TO DO
For each line of the data below that holds "times", copy the line.
─── DATA PROVIDED ───
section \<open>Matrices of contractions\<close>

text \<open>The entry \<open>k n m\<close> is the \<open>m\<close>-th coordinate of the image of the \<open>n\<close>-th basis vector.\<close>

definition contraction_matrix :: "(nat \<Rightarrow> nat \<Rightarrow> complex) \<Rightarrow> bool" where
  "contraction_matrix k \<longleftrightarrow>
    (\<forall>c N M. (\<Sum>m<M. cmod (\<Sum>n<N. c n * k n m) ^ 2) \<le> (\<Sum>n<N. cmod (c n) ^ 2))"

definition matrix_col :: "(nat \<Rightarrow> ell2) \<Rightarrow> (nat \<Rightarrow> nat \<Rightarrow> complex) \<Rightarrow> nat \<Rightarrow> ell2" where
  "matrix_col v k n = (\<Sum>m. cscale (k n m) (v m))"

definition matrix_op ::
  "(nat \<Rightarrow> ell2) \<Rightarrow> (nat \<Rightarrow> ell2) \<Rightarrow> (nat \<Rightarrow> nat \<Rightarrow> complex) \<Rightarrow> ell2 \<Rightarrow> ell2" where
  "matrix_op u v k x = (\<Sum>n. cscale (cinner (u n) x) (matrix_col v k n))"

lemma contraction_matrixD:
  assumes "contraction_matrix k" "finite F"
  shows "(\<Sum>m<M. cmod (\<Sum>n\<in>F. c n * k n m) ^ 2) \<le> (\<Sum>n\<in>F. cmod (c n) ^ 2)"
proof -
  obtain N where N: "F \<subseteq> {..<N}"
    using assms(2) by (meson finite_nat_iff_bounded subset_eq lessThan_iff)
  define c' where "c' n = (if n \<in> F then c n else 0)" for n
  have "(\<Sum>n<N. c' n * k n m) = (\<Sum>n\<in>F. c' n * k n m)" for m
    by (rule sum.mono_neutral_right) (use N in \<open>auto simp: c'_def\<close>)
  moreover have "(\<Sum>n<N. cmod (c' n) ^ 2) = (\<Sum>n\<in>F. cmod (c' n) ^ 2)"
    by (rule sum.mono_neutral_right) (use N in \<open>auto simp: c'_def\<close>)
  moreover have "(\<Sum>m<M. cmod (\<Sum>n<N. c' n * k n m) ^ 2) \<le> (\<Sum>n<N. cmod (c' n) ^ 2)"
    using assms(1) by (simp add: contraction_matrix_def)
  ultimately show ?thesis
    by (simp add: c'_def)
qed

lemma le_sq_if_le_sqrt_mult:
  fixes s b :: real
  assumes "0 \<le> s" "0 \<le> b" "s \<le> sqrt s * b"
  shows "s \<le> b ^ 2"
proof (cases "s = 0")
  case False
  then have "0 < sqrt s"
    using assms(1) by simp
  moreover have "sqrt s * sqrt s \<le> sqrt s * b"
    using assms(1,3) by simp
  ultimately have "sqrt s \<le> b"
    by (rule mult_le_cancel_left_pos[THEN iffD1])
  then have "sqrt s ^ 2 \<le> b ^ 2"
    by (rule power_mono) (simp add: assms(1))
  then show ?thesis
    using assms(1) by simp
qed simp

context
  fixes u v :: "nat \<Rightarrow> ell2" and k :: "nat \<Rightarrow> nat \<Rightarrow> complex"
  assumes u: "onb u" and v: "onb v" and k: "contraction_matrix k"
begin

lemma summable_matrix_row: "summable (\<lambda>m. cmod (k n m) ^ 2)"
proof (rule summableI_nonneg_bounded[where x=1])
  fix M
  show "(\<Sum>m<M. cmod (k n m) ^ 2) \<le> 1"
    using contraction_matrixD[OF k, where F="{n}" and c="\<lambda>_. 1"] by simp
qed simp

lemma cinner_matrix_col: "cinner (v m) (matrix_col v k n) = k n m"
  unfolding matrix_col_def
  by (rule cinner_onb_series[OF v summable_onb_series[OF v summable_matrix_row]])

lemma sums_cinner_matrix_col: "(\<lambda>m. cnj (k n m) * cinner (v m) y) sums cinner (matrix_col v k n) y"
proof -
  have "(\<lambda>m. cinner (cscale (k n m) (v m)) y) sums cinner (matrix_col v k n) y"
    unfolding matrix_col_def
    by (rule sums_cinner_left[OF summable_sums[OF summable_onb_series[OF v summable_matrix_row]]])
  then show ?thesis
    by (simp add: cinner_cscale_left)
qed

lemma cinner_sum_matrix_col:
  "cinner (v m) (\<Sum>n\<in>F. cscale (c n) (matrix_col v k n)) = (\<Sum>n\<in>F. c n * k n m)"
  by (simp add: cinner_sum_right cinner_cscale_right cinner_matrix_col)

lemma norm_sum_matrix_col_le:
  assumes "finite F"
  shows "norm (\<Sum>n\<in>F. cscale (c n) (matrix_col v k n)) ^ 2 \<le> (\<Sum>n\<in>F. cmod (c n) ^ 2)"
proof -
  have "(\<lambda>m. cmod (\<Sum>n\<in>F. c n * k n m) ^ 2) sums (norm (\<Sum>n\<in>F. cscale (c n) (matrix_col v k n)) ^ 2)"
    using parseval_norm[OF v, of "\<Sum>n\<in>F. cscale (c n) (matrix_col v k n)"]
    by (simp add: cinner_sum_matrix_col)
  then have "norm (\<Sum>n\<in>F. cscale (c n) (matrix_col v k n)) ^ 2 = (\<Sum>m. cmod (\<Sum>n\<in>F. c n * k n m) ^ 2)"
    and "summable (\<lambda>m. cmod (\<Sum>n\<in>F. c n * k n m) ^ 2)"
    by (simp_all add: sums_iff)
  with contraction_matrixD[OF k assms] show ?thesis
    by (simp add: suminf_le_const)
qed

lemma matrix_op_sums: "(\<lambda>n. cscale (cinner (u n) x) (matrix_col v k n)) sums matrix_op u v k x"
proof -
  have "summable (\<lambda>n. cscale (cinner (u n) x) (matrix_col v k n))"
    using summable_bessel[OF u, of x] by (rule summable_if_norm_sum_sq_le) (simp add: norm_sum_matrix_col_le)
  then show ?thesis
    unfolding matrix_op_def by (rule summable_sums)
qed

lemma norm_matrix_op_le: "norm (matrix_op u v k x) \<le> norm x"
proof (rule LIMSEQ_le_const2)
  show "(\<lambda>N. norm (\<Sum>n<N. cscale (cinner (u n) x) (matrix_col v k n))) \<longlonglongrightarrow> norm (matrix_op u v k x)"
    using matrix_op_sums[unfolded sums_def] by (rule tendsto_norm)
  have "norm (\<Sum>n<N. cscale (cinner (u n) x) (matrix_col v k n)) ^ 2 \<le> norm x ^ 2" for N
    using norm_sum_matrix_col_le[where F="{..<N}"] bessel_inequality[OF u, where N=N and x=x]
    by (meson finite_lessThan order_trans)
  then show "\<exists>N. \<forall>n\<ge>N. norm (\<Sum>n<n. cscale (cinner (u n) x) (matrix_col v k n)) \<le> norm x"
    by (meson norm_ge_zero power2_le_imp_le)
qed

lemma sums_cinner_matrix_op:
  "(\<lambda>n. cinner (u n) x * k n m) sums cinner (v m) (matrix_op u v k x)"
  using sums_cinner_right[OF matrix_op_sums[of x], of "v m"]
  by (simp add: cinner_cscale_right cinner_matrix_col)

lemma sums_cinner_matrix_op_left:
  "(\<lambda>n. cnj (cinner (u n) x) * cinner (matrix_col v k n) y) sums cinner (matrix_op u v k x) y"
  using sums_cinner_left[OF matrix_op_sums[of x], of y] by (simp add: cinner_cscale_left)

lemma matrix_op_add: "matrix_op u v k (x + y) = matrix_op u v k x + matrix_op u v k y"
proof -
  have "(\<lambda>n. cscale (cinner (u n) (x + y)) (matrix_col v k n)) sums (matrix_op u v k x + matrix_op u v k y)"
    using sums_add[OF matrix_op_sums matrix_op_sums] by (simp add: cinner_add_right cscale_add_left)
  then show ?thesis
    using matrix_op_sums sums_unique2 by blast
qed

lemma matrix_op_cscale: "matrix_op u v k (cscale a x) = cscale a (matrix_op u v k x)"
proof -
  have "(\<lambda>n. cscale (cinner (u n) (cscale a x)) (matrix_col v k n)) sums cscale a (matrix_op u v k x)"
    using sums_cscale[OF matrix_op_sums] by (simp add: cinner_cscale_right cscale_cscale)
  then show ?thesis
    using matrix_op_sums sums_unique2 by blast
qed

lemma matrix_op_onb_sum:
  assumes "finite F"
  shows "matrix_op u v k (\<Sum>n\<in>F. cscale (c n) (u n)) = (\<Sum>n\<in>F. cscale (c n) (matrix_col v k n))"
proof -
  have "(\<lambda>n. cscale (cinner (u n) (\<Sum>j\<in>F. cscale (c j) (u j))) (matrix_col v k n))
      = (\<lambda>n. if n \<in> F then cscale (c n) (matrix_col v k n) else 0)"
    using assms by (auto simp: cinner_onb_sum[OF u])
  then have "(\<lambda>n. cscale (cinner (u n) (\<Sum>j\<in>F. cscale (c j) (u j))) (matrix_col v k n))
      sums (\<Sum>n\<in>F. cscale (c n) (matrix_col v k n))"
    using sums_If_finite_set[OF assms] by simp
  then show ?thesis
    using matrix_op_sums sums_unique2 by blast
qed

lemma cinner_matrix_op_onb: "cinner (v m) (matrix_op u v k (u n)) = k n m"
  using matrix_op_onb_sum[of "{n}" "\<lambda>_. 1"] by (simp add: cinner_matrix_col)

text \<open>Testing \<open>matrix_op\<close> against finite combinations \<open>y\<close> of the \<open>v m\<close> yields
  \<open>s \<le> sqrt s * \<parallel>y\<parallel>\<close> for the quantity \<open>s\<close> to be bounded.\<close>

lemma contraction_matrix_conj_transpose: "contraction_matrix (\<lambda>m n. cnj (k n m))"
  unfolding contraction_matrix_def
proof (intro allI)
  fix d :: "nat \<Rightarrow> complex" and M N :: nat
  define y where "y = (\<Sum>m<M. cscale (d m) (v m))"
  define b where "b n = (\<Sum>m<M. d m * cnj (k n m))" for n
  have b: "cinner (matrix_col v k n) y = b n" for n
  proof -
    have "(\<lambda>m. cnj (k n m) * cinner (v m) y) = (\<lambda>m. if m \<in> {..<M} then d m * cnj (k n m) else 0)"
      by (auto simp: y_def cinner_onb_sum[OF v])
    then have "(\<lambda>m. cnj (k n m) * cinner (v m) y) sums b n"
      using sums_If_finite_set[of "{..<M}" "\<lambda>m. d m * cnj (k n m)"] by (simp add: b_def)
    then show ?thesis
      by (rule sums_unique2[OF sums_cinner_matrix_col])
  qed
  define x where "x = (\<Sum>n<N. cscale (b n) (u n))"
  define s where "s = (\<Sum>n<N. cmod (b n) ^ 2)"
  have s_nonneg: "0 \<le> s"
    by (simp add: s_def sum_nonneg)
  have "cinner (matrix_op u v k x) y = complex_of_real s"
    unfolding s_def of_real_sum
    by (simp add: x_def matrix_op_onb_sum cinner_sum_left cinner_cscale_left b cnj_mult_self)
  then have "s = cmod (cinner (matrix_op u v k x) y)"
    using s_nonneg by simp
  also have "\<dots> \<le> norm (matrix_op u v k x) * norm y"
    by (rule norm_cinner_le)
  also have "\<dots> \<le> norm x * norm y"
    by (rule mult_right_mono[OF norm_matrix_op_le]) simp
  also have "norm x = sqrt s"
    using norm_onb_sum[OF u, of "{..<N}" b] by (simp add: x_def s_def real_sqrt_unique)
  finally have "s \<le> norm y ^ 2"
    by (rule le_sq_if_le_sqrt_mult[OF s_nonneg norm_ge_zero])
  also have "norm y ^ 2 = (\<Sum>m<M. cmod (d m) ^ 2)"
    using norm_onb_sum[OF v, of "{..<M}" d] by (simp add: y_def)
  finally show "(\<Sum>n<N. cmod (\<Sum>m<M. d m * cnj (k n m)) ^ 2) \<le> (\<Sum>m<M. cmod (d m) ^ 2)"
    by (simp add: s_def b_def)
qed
───
─── DATA PROVIDED ───
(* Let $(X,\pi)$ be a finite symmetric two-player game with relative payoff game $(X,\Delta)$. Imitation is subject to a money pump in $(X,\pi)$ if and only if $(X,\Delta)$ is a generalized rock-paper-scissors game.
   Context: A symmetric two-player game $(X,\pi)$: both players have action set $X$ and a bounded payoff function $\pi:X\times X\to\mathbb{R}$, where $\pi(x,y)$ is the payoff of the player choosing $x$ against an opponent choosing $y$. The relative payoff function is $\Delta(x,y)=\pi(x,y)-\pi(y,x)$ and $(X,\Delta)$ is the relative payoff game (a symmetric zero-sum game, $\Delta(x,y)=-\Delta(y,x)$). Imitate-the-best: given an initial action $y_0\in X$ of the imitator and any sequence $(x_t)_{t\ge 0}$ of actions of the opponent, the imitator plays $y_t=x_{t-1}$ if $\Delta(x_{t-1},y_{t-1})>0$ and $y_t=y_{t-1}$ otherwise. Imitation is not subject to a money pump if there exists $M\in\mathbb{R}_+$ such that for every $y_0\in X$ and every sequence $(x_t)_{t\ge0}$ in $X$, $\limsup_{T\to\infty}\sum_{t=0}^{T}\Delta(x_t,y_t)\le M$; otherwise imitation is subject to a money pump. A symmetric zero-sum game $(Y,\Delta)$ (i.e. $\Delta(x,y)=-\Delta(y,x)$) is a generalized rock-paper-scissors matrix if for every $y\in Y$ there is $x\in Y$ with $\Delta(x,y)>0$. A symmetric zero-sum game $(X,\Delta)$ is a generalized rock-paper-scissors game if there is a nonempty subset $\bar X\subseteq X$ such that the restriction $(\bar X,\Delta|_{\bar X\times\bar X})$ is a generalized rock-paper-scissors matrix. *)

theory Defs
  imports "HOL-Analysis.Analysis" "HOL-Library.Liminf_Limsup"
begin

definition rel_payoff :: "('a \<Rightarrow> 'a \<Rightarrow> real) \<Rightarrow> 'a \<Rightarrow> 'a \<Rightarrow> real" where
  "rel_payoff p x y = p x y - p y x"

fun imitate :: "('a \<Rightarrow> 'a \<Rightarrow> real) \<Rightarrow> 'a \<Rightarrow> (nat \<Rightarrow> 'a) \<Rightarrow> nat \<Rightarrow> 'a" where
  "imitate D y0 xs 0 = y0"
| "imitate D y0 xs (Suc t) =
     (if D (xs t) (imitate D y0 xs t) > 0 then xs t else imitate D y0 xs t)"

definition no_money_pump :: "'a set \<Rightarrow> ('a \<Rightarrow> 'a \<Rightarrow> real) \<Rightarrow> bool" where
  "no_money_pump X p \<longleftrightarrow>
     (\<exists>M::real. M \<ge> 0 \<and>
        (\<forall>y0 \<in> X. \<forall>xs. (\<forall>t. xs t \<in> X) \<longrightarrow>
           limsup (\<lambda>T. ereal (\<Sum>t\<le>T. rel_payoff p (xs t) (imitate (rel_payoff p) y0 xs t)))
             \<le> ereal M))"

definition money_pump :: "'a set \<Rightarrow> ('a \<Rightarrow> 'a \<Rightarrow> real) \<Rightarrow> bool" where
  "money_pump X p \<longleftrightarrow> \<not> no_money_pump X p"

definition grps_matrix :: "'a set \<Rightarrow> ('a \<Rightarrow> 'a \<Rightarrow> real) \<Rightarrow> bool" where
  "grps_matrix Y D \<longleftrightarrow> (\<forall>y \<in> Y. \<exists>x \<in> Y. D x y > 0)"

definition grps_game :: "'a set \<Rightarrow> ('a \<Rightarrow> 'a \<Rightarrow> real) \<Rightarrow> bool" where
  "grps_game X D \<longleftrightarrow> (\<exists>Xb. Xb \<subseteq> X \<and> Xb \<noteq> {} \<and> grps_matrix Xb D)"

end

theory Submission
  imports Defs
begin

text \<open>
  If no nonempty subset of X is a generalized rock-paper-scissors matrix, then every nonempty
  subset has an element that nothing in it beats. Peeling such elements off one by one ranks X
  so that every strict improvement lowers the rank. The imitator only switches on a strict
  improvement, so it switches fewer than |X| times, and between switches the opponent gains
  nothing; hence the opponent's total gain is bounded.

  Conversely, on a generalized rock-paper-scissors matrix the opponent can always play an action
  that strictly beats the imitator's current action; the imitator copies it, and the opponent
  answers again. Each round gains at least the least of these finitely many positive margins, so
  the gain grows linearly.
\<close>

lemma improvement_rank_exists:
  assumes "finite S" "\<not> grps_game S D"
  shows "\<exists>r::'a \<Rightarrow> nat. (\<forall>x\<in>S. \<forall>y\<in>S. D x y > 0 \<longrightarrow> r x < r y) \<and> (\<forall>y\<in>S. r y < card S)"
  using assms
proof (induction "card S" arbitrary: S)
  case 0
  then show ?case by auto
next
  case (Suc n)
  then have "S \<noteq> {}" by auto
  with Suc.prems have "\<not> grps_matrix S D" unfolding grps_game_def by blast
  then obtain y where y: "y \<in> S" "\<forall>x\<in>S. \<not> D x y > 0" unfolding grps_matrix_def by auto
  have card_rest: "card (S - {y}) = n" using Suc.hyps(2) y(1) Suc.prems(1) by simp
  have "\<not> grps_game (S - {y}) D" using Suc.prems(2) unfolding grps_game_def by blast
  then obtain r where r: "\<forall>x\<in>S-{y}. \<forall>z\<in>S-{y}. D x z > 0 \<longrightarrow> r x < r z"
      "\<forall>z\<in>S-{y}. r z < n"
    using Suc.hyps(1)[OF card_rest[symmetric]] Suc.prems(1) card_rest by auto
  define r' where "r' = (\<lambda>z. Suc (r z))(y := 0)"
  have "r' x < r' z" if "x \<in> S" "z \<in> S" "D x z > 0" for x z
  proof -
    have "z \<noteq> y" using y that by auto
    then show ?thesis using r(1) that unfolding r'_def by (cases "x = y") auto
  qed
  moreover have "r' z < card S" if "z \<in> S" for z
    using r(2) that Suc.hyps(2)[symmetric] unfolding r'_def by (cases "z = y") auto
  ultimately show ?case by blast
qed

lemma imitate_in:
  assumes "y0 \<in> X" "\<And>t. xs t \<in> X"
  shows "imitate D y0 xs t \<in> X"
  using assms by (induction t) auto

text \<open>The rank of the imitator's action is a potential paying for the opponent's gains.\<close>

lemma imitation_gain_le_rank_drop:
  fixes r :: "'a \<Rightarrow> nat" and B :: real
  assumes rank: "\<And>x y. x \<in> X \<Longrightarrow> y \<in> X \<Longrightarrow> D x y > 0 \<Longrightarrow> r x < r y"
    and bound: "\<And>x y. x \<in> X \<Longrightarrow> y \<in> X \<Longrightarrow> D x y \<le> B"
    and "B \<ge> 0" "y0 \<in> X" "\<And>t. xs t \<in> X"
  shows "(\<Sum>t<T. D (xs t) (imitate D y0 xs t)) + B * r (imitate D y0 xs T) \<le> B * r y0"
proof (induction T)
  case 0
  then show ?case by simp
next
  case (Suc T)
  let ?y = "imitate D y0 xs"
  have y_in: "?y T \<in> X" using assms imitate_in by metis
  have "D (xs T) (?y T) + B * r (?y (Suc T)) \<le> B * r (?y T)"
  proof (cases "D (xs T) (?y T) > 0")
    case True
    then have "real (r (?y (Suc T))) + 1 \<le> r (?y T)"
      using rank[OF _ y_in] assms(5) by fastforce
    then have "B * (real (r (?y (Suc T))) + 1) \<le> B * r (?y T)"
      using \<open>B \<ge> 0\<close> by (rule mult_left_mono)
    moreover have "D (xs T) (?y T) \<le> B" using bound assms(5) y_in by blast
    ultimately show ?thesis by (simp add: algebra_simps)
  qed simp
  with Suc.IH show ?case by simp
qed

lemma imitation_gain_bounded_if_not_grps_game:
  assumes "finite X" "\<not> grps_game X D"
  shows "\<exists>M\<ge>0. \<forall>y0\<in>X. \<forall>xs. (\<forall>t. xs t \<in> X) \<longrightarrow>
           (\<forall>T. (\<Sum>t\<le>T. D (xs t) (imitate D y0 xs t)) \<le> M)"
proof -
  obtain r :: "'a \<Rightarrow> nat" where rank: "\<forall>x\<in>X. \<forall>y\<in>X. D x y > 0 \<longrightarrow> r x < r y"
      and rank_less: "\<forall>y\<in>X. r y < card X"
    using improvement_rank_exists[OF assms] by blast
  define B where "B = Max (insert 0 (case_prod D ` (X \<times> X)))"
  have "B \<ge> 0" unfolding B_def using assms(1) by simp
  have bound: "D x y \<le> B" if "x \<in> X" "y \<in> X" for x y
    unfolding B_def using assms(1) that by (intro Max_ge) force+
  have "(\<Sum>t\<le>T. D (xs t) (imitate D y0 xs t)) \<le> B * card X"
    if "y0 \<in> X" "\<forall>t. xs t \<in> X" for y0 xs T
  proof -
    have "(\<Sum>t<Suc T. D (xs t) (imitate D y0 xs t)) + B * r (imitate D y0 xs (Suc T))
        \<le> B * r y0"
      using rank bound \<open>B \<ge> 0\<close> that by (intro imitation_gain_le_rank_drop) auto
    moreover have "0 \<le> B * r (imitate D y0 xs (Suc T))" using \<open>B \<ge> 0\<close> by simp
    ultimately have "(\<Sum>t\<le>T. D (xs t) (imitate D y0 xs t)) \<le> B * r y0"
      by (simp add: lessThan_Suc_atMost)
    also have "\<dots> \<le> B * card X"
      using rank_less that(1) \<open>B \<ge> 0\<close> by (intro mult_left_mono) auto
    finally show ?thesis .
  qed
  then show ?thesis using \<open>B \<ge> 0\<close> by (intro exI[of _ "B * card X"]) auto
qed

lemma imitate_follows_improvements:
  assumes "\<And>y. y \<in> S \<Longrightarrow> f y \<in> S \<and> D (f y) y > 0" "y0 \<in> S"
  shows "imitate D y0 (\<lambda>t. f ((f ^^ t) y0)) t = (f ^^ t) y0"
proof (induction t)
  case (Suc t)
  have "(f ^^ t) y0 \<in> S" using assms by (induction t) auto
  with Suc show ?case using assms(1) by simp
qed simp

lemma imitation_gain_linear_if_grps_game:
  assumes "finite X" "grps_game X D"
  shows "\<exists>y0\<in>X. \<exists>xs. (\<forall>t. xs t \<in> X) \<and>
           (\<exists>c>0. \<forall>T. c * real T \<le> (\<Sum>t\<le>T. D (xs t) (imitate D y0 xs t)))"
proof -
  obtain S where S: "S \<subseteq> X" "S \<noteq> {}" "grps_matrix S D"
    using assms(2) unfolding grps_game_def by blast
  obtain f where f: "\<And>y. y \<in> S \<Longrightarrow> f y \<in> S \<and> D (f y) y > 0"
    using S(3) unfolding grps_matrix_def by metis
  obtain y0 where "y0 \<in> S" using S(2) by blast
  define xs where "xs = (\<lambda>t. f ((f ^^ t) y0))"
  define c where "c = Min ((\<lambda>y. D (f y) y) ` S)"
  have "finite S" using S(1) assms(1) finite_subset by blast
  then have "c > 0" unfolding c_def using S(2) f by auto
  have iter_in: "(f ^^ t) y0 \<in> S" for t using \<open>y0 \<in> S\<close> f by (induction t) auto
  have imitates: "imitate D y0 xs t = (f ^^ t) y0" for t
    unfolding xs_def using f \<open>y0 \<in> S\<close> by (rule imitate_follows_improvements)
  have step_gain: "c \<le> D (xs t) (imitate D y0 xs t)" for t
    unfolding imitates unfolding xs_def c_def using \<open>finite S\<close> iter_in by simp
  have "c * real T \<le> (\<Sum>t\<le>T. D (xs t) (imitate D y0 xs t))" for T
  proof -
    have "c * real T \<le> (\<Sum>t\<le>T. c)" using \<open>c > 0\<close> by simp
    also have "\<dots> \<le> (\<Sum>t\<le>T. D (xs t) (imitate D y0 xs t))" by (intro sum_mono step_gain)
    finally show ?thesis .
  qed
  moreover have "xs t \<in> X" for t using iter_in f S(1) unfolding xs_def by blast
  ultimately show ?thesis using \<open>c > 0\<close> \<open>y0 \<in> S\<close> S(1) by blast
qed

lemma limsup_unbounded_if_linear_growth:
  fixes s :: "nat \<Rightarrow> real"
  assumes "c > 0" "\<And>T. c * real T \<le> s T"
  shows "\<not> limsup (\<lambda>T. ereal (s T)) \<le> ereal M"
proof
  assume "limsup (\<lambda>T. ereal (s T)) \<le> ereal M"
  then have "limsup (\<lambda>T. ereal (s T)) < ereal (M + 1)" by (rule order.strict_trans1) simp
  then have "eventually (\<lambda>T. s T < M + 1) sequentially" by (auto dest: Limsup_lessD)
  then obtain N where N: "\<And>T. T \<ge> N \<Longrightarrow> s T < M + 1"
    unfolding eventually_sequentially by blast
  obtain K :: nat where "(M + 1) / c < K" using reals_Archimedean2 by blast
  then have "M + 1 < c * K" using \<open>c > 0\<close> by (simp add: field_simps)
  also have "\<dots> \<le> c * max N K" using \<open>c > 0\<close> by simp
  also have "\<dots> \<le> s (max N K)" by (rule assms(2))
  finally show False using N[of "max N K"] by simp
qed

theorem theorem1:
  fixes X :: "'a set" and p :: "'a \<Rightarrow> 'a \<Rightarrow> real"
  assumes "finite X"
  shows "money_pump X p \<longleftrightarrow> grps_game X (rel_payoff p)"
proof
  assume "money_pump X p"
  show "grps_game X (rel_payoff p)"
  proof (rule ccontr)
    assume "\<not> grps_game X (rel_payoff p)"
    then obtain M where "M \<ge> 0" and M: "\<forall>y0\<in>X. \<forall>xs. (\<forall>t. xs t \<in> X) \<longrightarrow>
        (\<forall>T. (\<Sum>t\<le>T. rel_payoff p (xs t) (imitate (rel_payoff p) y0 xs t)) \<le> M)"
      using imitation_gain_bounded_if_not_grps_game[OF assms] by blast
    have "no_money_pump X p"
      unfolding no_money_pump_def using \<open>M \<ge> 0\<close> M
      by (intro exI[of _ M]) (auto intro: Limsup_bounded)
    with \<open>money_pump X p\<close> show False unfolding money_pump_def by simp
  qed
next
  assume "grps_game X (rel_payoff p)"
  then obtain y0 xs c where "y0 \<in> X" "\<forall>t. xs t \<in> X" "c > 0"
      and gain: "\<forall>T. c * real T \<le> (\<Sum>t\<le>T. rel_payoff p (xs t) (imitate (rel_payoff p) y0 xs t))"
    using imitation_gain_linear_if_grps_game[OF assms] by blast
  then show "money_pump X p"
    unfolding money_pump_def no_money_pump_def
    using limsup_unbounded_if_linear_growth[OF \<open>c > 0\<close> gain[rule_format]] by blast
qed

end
───
REPLY
   Context: A symmetric two-player game $(X,\pi)$: both players have action set $X$ and a bounded payoff function $\pi:X\times X\to\mathbb{R}$, where $\pi(x,y)$ is the payoff of the player choosing $x$ against an opponent choosing $y$. The relative payoff function is $\Delta(x,y)=\pi(x,y)-\pi(y,x)$ and $(X,\Delta)$ is the relative payoff game (a symmetric zero-sum game, $\Delta(x,y)=-\Delta(y,x)$). Imitate-the-best: given an initial action $y_0\in X$ of the imitator and any sequence $(x_t)_{t\ge 0}$ of actions of the opponent, the imitator plays $y_t=x_{t-1}$ if $\Delta(x_{t-1},y_{t-1})>0$ and $y_t=y_{t-1}$ otherwise. Imitation is not subject to a money pump if there exists $M\in\mathbb{R}_+$ such that for every $y_0\in X$ and every sequence $(x_t)_{t\ge0}$ in $X$, $\limsup_{T\to\infty}\sum_{t=0}^{T}\Delta(x_t,y_t)\le M$; otherwise imitation is subject to a money pump. A symmetric zero-sum game $(Y,\Delta)$ (i.e. $\Delta(x,y)=-\Delta(y,x)$) is a generalized rock-paper-scissors matrix if for every $y\in Y$ there is $x\in Y$ with $\Delta(x,y)>0$. A symmetric zero-sum game $(X,\Delta)$ is a generalized rock-paper-scissors game if there is a nonempty subset $\bar X\subseteq X$ such that the restriction $(\bar X,\Delta|_{\bar X\times\bar X})$ is a generalized rock-paper-scissors matrix. *)
  improvement, so it switches fewer than |X| times, and between switches the opponent gains
  define B where "B = Max (insert 0 (case_prod D ` (X \<times> X)))"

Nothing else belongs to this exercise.